PROBLEM STATEMENT:
Please return the lines below verbatim, beginning at the one that has "(u,v) \<in> (edge_rel es)\<^sup>*)" and stopping after the one that has "i = \<pi> (m i))", and add no other lines.

Dataset entries:
......
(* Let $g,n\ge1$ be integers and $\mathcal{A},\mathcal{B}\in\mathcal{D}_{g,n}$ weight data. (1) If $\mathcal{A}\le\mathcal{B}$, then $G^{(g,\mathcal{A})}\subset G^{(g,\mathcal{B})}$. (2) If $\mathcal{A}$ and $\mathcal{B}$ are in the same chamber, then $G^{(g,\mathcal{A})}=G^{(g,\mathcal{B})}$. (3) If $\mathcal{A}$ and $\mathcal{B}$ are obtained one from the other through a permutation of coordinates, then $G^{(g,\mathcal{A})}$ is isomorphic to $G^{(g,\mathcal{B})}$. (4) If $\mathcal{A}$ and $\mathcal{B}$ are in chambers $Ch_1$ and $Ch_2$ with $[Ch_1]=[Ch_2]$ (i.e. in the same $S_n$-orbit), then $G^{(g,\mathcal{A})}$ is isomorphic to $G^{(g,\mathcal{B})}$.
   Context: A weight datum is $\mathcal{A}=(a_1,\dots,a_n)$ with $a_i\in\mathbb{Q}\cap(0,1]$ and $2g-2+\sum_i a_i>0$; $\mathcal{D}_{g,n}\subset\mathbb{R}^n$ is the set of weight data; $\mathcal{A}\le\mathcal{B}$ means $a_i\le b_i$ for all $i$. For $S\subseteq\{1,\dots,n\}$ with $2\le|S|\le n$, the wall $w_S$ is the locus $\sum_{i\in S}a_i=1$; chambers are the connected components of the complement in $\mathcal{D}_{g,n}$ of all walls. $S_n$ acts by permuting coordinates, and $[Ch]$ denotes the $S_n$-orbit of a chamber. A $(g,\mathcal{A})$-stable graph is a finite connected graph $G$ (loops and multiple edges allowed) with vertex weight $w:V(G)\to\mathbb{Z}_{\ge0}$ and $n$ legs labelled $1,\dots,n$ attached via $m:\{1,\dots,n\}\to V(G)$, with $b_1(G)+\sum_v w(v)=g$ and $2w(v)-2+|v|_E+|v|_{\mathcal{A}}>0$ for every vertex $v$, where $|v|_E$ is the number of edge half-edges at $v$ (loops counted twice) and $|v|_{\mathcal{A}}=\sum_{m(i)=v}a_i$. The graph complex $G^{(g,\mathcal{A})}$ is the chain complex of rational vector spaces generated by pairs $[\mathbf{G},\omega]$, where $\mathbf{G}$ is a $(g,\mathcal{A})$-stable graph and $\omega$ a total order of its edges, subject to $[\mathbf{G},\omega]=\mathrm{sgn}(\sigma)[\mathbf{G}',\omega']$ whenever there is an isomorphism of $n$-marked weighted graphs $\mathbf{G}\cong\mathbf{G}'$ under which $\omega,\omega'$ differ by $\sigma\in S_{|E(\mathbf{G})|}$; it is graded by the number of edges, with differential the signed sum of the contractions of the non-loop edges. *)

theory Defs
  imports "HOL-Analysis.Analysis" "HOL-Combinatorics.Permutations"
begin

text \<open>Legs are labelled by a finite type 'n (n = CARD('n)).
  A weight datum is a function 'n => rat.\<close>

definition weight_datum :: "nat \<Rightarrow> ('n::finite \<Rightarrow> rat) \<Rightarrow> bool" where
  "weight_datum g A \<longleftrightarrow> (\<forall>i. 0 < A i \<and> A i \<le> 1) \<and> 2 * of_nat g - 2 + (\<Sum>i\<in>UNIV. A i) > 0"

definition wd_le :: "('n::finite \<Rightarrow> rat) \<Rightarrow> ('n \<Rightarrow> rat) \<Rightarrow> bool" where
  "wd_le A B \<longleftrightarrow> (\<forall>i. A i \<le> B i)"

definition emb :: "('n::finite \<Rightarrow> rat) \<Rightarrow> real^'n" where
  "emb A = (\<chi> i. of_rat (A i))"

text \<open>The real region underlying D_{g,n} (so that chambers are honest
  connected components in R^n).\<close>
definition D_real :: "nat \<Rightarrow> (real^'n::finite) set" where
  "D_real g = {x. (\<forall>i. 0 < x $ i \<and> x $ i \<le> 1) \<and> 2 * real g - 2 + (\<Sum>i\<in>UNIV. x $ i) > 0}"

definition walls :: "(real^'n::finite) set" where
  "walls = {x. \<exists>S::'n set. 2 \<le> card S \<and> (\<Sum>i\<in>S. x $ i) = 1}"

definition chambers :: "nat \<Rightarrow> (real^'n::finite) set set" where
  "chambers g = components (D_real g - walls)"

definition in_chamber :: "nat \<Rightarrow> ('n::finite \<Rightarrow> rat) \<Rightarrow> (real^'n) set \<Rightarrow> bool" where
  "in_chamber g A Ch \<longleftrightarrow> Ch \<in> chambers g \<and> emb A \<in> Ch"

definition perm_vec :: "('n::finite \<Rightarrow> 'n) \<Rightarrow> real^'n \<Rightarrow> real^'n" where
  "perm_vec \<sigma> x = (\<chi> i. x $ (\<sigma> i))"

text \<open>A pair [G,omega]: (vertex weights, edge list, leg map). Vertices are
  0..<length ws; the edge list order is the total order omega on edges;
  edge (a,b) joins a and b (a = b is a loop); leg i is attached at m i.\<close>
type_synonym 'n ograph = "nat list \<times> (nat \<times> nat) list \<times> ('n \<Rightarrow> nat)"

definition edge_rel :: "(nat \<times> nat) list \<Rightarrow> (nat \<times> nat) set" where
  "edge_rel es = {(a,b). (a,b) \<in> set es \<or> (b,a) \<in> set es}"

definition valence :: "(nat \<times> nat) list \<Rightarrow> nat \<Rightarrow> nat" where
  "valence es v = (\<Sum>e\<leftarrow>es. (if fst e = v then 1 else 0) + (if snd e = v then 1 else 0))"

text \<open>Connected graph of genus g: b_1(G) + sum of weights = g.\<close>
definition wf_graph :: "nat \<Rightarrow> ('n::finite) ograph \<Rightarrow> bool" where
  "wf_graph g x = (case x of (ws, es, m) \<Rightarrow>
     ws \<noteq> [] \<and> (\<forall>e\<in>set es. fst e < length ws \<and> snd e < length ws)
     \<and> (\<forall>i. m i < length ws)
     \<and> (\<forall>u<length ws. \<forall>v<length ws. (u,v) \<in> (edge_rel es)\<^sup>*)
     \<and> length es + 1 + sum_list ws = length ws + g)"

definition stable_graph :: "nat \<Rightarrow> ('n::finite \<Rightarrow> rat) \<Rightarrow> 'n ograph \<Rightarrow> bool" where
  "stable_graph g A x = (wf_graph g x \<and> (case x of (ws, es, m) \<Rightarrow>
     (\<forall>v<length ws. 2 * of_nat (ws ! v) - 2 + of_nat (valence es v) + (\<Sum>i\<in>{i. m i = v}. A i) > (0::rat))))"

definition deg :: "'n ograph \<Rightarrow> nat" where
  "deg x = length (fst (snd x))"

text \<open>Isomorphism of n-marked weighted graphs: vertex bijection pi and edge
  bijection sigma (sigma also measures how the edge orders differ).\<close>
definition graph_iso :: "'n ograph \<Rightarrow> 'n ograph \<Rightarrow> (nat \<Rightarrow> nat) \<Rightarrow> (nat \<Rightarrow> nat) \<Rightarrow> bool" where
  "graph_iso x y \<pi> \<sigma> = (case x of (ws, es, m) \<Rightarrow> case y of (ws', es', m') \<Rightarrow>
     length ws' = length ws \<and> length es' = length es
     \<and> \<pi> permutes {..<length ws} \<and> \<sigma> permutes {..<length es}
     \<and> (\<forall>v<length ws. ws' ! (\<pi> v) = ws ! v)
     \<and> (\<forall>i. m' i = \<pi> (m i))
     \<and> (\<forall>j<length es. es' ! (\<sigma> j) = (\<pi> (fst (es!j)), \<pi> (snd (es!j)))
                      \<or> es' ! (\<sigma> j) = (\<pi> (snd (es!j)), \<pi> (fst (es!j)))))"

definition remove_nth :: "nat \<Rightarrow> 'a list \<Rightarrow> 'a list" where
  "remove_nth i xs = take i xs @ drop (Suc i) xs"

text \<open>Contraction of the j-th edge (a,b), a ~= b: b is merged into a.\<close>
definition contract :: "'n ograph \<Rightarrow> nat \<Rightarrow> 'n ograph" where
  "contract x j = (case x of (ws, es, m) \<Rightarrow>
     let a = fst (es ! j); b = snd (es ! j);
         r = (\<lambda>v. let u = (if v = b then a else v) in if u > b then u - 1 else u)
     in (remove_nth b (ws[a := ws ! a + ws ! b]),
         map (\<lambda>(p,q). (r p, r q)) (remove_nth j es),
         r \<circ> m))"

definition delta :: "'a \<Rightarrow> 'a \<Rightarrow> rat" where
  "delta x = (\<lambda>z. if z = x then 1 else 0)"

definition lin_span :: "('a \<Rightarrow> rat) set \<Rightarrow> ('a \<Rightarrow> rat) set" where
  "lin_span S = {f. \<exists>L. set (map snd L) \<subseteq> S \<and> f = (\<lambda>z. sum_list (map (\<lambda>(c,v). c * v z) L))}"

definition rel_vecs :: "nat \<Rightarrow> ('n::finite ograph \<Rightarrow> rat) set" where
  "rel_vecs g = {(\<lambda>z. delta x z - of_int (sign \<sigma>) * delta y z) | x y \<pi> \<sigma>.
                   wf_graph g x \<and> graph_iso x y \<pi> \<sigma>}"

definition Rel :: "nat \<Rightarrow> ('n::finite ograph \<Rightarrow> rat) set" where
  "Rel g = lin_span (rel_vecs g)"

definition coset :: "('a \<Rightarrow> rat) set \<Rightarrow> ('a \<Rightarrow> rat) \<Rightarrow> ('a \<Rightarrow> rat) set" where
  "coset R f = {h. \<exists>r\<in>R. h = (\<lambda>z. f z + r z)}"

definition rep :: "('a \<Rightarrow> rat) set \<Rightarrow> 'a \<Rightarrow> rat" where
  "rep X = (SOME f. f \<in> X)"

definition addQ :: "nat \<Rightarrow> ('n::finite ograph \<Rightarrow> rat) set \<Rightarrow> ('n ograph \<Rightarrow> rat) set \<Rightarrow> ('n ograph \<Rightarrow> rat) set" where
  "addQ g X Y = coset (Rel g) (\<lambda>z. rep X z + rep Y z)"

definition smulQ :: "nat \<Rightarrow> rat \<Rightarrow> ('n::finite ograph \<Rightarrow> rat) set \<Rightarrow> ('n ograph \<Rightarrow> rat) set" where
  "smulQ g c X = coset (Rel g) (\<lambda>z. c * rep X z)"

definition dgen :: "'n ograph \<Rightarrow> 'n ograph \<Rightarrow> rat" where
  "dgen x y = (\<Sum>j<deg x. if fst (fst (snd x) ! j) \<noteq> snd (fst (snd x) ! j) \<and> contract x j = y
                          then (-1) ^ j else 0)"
......
EXERCISE RESULT:
     \<and> (\<forall>u<length ws. \<forall>v<length ws. (u,v) \<in> (edge_rel es)\<^sup>*)
     \<and> length es + 1 + sum_list ws = length ws + g)"

definition stable_graph :: "nat \<Rightarrow> ('n::finite \<Rightarrow> rat) \<Rightarrow> 'n ograph \<Rightarrow> bool" where
  "stable_graph g A x = (wf_graph g x \<and> (case x of (ws, es, m) \<Rightarrow>
     (\<forall>v<length ws. 2 * of_nat (ws ! v) - 2 + of_nat (valence es v) + (\<Sum>i\<in>{i. m i = v}. A i) > (0::rat))))"

definition deg :: "'n ograph \<Rightarrow> nat" where
  "deg x = length (fst (snd x))"

text \<open>Isomorphism of n-marked weighted graphs: vertex bijection pi and edge
  bijection sigma (sigma also measures how the edge orders differ).\<close>
definition graph_iso :: "'n ograph \<Rightarrow> 'n ograph \<Rightarrow> (nat \<Rightarrow> nat) \<Rightarrow> (nat \<Rightarrow> nat) \<Rightarrow> bool" where
  "graph_iso x y \<pi> \<sigma> = (case x of (ws, es, m) \<Rightarrow> case y of (ws', es', m') \<Rightarrow>
     length ws' = length ws \<and> length es' = length es
     \<and> \<pi> permutes {..<length ws} \<and> \<sigma> permutes {..<length es}
     \<and> (\<forall>v<length ws. ws' ! (\<pi> v) = ws ! v)
     \<and> (\<forall>i. m' i = \<pi> (m i))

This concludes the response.